Puzzles of the Genome

December, 2006
David Plaisted PhD

ImageThe genome of an animal contains the DNA that specifies the characteristics of the animal. This is in the form of a sequence of four bases; the sequence of the human genome is over three billion bases long. Of course, different individuals have different sequences. A few years ago the human genome project completed a description of the sequence of the human genome, and several other animals’ genomes have been sequenced since then. Scientists sometimes claim that these genomes provide evidence for the theory of evolution. However, recent results show how little we really know about the genome, and therefore it is unreasonable to assert that the genome provides evidence for evolution, when we understand it so poorly. 

The DNA specifies the characteristics of an organism in the following way. The DNA contains genes that are transcribed (translated) into RNA. RNA is a very long molecule much like DNA but with a somewhat different makeup. Then this “messenger RNA” (mRNA) is translated into proteins, which are very large molecules that guide the body’s metabolism and comprise much of its structure. Recently it has been found that humans have only about 20,000 to 25,000 genes, not many more than other organisms that are much simpler. Even evolutionists are puzzled by this, because humans at least appear to be much more complex than these other organisms. However, we now know that one gene can produce more than one protein by a mechanism known as “alternative splicing.” This mechanism is more common in humans than in lower organisms, and scientists now believe that the human genome can manufacture 90,000 or more proteins. Moreover, these proteins can be modified by the addition of various chemical groups, so that the complexity of the organism is much larger than the number of genes would indicate. Also, a recent article in Science admitted that we still don’t know what a gene is or how many of them there are.1 Another article admits that “the identification of genes based solely on the human genome sequence…will not be practical in the foreseeable future.”2

The protein coding portions of genes comprise only about 1.5 percent of the human genome, raising the question of the purpose of the remaining 98.5 percent of the genome. For a long time it was assumed that this was mostly “junk” DNA with little or no purpose. However, this view is now being questioned. For example, about 5 percent of the human genome has corresponding sequences in other mammals, suggesting that at least 5 percent of the human genome has a function of some kind.3 Another amazing fact is that the great majority of the human genome is transcribed into RNA.4 In fact, millions of distinct transcribed RNA sequences are known for the human genome.5 Why is so much of the genome transcribed, if only 1.5 percent of it has a function? What is the purpose of this transcription? Now, a single gene can produce more than one distinct sequence. However, even after clustering these sequences according to their similarity, one compilation contains over 800,000 distinct clusters! 5 An average of 10 percent of the genome is included in such sequences.6 And, parts of these non-coding RNAs (ncRNAs) are more conserved across organisms than the corresponding parts of protein coding genes, suggesting that they have an important function. 7 Can it be that 10 percent or more of the genome has a function?

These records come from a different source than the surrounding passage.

lemma blk_step_x_mono:
  assumes x': "\<forall>h<N. blk_vec l x' h = blk_vec l x h + blk_update l Q h p z"
    and z: "\<forall>i<n. 0 \<le> z $ i" and i: "i < n"
  shows "x $ i \<le> x' $ i"
proof -
  have "0 \<le> (\<Sum>j<n. Q $$ (i, j) * blk_embed l p (blk_solve l Q p z) j)"
    using Q blk_embed_solve_nonneg[OF z] i by (auto simp: col_substochastic_def intro!: sum_nonneg)
  then show ?thesis
    using blk_step_x[OF x' i] by linarith
qed

lemma blk_step_z_nonneg:
  assumes z': "\<forall>h<N. blk_vec l z' h =
      (if h = p then 0\<^sub>v (l h) else blk_vec l z h + blk_update l Q h p z)"
    and z: "\<forall>i<n. 0 \<le> z $ i" and i: "i < n"
  shows "0 \<le> z' $ i"
proof -
  obtain h r where h: "h < N" "r < l h" "i = blk_off l h + r" "z' $ i = blk_vec l z' h $ r"
    using blk_index_cases[OF i] by blast
  have "0 \<le> blk_update l Q h p z $ r"
    using Q z blk_embed_solve_nonneg[OF z] h i
    by (auto simp: blk_update_nth col_substochastic_def intro!: sum_nonneg mult_nonneg_nonneg)
  then show ?thesis
    using z' z h i by (cases "h = p") (simp_all add: blk_vec_nth)
qed

end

Scientists have recently learned that much of the DNA is transcribed into RNA that is not translated into proteins but apparently has a function in regulating the genes. There are several known types of such RNA, and more may exist. One type is microRNA (or miRNA), which are single stranded RNA molecules of about 21-23 nucleotides in length. These miRNA bind to messenger RNA and prevent the messenger RNA from being translated into protein. Thus this miRNA appears to play a role in gene regulation. Each miRNA is thought to regulate multiple genes, and it is believed that higher organisms have hundreds of miRNA, so they can have a significant impact on the organism. Also, miRNA seems to have a role in the development of cancer. miRNA also seem to have a role in early development, cell proliferation and cell death, cell suicide (apoptosis), fat metabolism, and cell differentiation. There may also be a role in brain development, leukemia, viral infection, and neurodevelopment. Another kind of RNA known as short interfering RNA (siRNA) has been found in plants and appears to prevent viral RNA from functioning in the plant cells. A third type of such RNA, called piRNA (Piwi interacting RNA) has recently been discovered and appears to play a role in germline development.8 This RNA was found in a portion of the genome that was not thought to be transcribed. There is even a possibility that small RNA genes may activate protein coding genes instead of only repressing them.9

Another puzzle of the genome is that the same DNA can be transcribed into more than one gene. It is as if two genes overlap, using the same DNA in different ways, something like a crossword puzzle. In fact, a large proportion of the genome can produce transcripts from both strands (in both directions).10 How could evolution produce a genetic code that could be read in two directions? The constraints are so severe that this seems to be an impossibility. It is also now known that the nucleus has transcription “factories” where DNA is copied into messenger RNA. Furthermore, related genes that are very widely separated on the genome somehow appear to converge on the same factory.11 It appears that the DNA has to bend in some way to make this possible.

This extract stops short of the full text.